Annual steel output growth to exceed 10mn tons by 2014 - Report
 
 
Egypt - 2010 July 5
 
 

An expected rise in scrap steel will boost the competitiveness of Egyptian steelmakers, which rely on direct reduced iron (DRI) for feedstock, but the latest Egypt Metals Report warns that surging growth in Saudi steelmaking could hinder export growth in the medium term.

In Q110, Egyptian crude steel output grew 11.3% year-on-year (y-o-y) to 1.45mn tons. However, the quarter-on-quarter (q-o-q) rate of growth had slowed to just 0.7%, compared with 2.9% in Q410. Having reached a monthly level of output of 517,000 tons in December 2009 - indicating that the industry was operating at pre-crisis levels - production fell back to an average of 485,000 tons in Q110. Nevertheless, compared with the steel industry worldwide, Egypt is faring relatively well. Steel price stabilisation in H210 to lead to a recovery in local demand, but price volatility in longs products suggests that producers will find the going tough over the short-term.

The country has been operating well under full capacity, with a utilisation rate of just 65% of its full 8.8mn tons per annum (tpa) potential. Even without further expansion of capacity, Egypt has the potential to grow by over 50% using plants currently in operation. The industry is highly vulnerable to lower-cost production from elsewhere flooding the market.

The ability of local producers to achieve sustained production requires higher steel prices. In Q2-10, the price of steel imported from Turkey, Poland and the CIS was up to 5% lower than domestically-produced steel, leading to sharp drops in local production. Local producers predominantly use DRI with iron ore supplies' prices tied to longer-term contracts. Manufacturers whose main input was scrap, like Turkish importers, have been able to adapt their production process in shorter periods and react more quickly to fluctuations in input prices, transferring cost reductions to their customers and gaining market share. While this benefited those foreign plants that used scrap as feedstock during the recession when it was cheap, the economic recovery will start to benefit local producers. As of April 2010, Ezz Steel claimed that iron prices were EGP300 per ton cheaper than neighbouring countries, despite large hikes. Consequently, Egypt will be able to leverage a cost advantage over H210 and into 2011. The report expects crude output to grow 22% to 6.44mn tons, almost the same level as 2008.

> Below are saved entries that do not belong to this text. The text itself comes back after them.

(* Let $X$ be a vector lattice and let $l : X \to \mathbb{R}$ be an order bounded linear functional. Then $\ker(l)$ is a Grothendieck subspace of $X$ if and only if the modulus $|l|$ of $l$ is the sum of some pair of Riesz homomorphisms $X \to \mathbb{R}$.
   Context: The modulus of an order bounded functional $l$ is $|l| = l \vee (-l)$ in the Riesz space of order bounded functionals. A Riesz homomorphism is a linear functional preserving finite lattice operations. A linear subspace $H$ of a vector lattice is called a Grothendieck subspace (or $G$-space) if for all $x, y \in H$ one has $x \vee y \vee 0 + x \wedge y \wedge 0 \in H$. *)

theory Defs
  imports Main "HOL-Analysis.Analysis"
begin

class vector_lattice = ordered_real_vector + lattice

definition order_bounded_functional :: "('a::vector_lattice \<Rightarrow> real) \<Rightarrow> bool" where
  "order_bounded_functional l \<longleftrightarrow> linear l \<and>
     (\<forall>x y. \<exists>M. \<forall>z. x \<le> z \<and> z \<le> y \<longrightarrow> \<bar>l z\<bar> \<le> M)"

definition functional_le :: "('a::vector_lattice \<Rightarrow> real) \<Rightarrow> ('a \<Rightarrow> real) \<Rightarrow> bool" where
  "functional_le f g \<longleftrightarrow> (\<forall>x. 0 \<le> x \<longrightarrow> f x \<le> g x)"

definition is_modulus :: "('a::vector_lattice \<Rightarrow> real) \<Rightarrow> ('a \<Rightarrow> real) \<Rightarrow> bool" where
  "is_modulus l m \<longleftrightarrow> order_bounded_functional m \<and>
     functional_le l m \<and> functional_le (\<lambda>x. - l x) m \<and>
     (\<forall>g. order_bounded_functional g \<and> functional_le l g \<and> functional_le (\<lambda>x. - l x) g
          \<longrightarrow> functional_le m g)"

definition modulus :: "('a::vector_lattice \<Rightarrow> real) \<Rightarrow> ('a \<Rightarrow> real)" where
  "modulus l = (THE m. is_modulus l m)"

definition riesz_hom :: "('a::vector_lattice \<Rightarrow> real) \<Rightarrow> bool" where
  "riesz_hom f \<longleftrightarrow> linear f \<and> (\<forall>x y. f (sup x y) = max (f x) (f y) \<and> f (inf x y) = min (f x) (f y))"

definition grothendieck_subspace :: "('a::vector_lattice) set \<Rightarrow> bool" where
  "grothendieck_subspace H \<longleftrightarrow> subspace H \<and>
     (\<forall>x\<in>H. \<forall>y\<in>H. sup (sup x y) 0 + inf (inf x y) 0 \<in> H)"

end

theory Submission
  imports Defs "HOL-Library.Lattice_Algebras"
begin

(*
  If ker l is a Grothendieck subspace, then of any three pairwise disjoint positive
  elements x, y, z one is killed by l: otherwise rescale so that l x = l y = s; for a
  suitable c the elements x + c z and y + c z lie in the kernel, but their Grothendieck
  combination is x + y + c z, on which l takes the value s. By the Riesz-Kantorovich
  formula |l| x = 2 sup {l u | 0 <= u <= x} - l x the same holds for |l|. A positive
  functional phi with this property is a Riesz homomorphism unless it is nonzero on two
  disjoint elements a, b; then phi = phi_a + (phi - phi_a), where phi_a x is the eventually
  constant value of phi (inf x (t a)) for large t, and both summands kill one of any two
  disjoint elements, which makes them Riesz homomorphisms.

  Conversely, if |l| = f + g, then |l z| <= |f z| + |g z| shows that l vanishes on
  ker f inter ker g, so l = alpha f + beta g. A Riesz homomorphism maps the Grothendieck
  combination of x and y to T (f x) (f y) with T u v = max (max u v) 0 + min (min u v) 0,
  and T is homogeneous under all real scalars, so l vanishes on the combination of any two
  elements of its kernel.
*)

section \<open>Disjointness in lattice-ordered groups\<close>

subclass (in vector_lattice) lattice_ab_group_add ..

lemma inf_eq_0_imp_nonneg:
  fixes x y :: "'a::{semilattice_inf,zero}"
  assumes "inf x y = 0"
  shows "0 \<le> x" "0 \<le> y"
  using inf_le1[of x y] inf_le2[of x y] assms by simp_all

lemma pprt_diff_pprt_neg: "pprt x - pprt (- x) = (x::'a::lattice_ab_group_add)"
  by (metis prts pprt_neg diff_minus_eq_add)

lemma inf_pprt_pprt_neg: "inf (pprt x) (pprt (- x)) = (0::'a::lattice_ab_group_add)"
proof -
  have "inf (pprt x) (pprt (- x)) = inf (pprt (- x) + x) (pprt (- x) + 0)"
    using pprt_diff_pprt_neg[of x] by (simp add: algebra_simps)
  also have "\<dots> = pprt (- x) + nprt x"
    by (simp only: add_inf_distrib_left[symmetric] nprt_def)
  finally show ?thesis by (simp add: pprt_neg)
qed

lemma inf_pprt_pprt_eq_0_if_add_le_0:
  fixes x y :: "'a::lattice_ab_group_add"
  assumes "x + y \<le> 0"
  shows "inf (pprt x) (pprt y) = 0"
proof (rule antisym)
  have "pprt x \<le> pprt (- y)" using assms by (simp add: le_eq_neg)
  hence "inf (pprt x) (pprt y) \<le> inf (pprt (- y)) (pprt y)" by (rule inf_mono) simp
  thus "inf (pprt x) (pprt y) \<le> 0" using inf_pprt_pprt_neg[of y] by (simp add: inf_commute)
qed simp

lemma sup_eq_add_if_inf_eq_0: "inf x y = 0 \<Longrightarrow> sup x y = x + (y::'a::lattice_ab_group_add)"
  using add_eq_inf_sup[of x y] by simp

lemma pprt_diff_eq_if_inf_eq_0:
  fixes x y :: "'a::lattice_ab_group_add"
  assumes "inf x y = 0"
  shows "pprt (x - y) = x"
proof -
  have "pprt (x - y) = sup x y - y"
    using add_sup_distrib_right[of x y "- y"] by (simp add: pprt_def)
  thus ?thesis using sup_eq_add_if_inf_eq_0[OF assms] by simp
qed
lemma negligible_ratio_tie_set:
  fixes mu :: "'m::finite \<Rightarrow> real" and j k :: "'k::finite"
  assumes "j \<noteq> k"
  shows "negligible (ratio_tie_set mu j k)"
proof -
  let ?c = "\<lambda>i (x :: (real^'k) \<times> (real^('k \<times> 'm))). interf_cost mu (\<lambda>i m. snd x $ (i, m)) i"
  have coord: "(\<lambda>x :: (real^'k) \<times> (real^('k \<times> 'm)). fst x $ i) differentiable F"
    "(\<lambda>x :: (real^'k) \<times> (real^('k \<times> 'm)). snd x $ l) differentiable F" for i l F
    by (intro bounded_linear_imp_differentiable bounded_linear_compose[OF bounded_linear_vec_nth]
        bounded_linear_fst bounded_linear_snd)+
  have c_diff: "(\<lambda>x. ?c i x) differentiable (at x within S)" for i x S
    unfolding interf_cost_def by (auto intro!: derivative_intros coord)
  define b :: "(real^'k) \<times> (real^('k \<times> 'm))" where "b = (axis j 1, 0)"
  define U where "U = {x. ?c k x \<noteq> 0}"
  define f where "f x = fst x $ k * ?c j x / ?c k x" for x
  have "negligible {x \<in> U. b \<bullet> x = f x}"
  proof (rule negligible_graph_along_direction)
    show "b \<noteq> 0" by (simp add: b_def zero_prod_def axis_eq_0_iff)
    show "f differentiable_on U"
      unfolding differentiable_on_def f_def U_def
      by (auto intro!: differentiable_divide differentiable_mult c_diff coord)
    show "x + t *\<^sub>R b \<in> U \<and> f (x + t *\<^sub>R b) = f x" if "x \<in> U" for x t
      using that assms by (simp add: U_def f_def b_def axis_def)
  qed
  moreover have "ratio_tie_set mu j k = {x \<in> U. b \<bullet> x = f x}"
    by (auto simp: ratio_tie_set_def U_def f_def b_def inner_prod_def inner_axis' field_simps)
  ultimately show ?thesis by simp
qed
lemma ptrans_eqI:
  assumes p: "distinct p" "set p = {1..length p}"
    and i: "length i = length p" "\<forall>k<length p. i ! (p ! k - 1) = j ! k"
  shows "ptrans p X j = X i"
proof -
  have "i' = i" if i': "length i' = length p" "\<forall>k<length p. i' ! (p ! k - 1) = j ! k" for i'
  proof (rule nth_equalityI)
    fix u assume "u < length i'"
    with i' p have "Suc u \<in> set p" by auto
    then obtain k where k: "k < length p" "p ! k = Suc u" by (auto simp: in_set_conv_nth)
    then have "i' ! u = j ! k" "i ! u = j ! k" using i i' by (metis diff_Suc_1)+
    then show "i' ! u = i ! u" by simp
  qed (use i i' in simp)
  with i have "(THE i. length i = length p \<and> (\<forall>k<length p. i ! (p ! k - 1) = j ! k)) = i"
    by (intro the_equality) blast+
  then show ?thesis unfolding ptrans_def by simp
qed

lemma ex_ptrans_preimage:
  assumes p: "distinct p" "set p = {1..length p}"
  shows "\<exists>i. length i = length p \<and> (\<forall>k<length p. i ! (p ! k - 1) = j ! k)"
proof -
  define pos where "pos u = (THE k. k < length p \<and> p ! k = Suc u)" for u
  define i where "i = map (\<lambda>u. j ! pos u) [0..<length p]"
  have "i ! (p ! k - 1) = j ! k" if k: "k < length p" for k
  proof -
    have "Suc (p ! k - 1) = p ! k" using perm_list_nth_bounds(1)[OF p(2) k] by simp
    then have "pos (p ! k - 1) = k"
      unfolding pos_def using k nth_eq_iff_index_eq[OF p(1) _ k] by (intro the_equality) auto
    then show ?thesis using perm_list_nth_bounds(2)[OF p(2) k] by (simp add: i_def)
  qed
  then show ?thesis by (intro exI[of _ i]) (simp add: i_def)
qed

Thereafter, annual output growth should continue to be sustained at 10-14%, with 2014 volumes set to exceed 10mn tons. Although this represents a 95% increase over 2009 estimates, it will still not be enough to cover domestic demand, which is set to grow by nearly 70% to around 12.43mn tons in 2014.

A significant threat is the surge in steelmaking capacity in Saudi Arabia, which saw its steel output rise by 41.6% y-o-y and 9.9% q-o-q to 1.33mn tons in Q110. The rapid increase in Saudi ouput has contributed to the 14.4% growth in Middle East production, which is outpacing consumption; we forecast 10% growth in Middle East consumption in 2010. While Saudi Arabia continued to require rebar imports to satisfy demand from the construction sector in H110, traders suspended import purchases while they waited for the cancellation of a 5% import duty on steel products. This helped depress Egyptian exports, although we expect the situation to improve in H210 as Saudi traders resume purchases. Egyptian steel is heavily influenced by developments in the Middle East and the expanding role of the Saudi steel industry is a significant challenge to its market position.

Although Middle Eastern steel output is unlikely to exceed 20-25% of its total consumption requirements over the medium term, producers had been banking on a swift upturn in the regional market for recovery. Capacity growth poses a significant challenge both in terms of volume and price.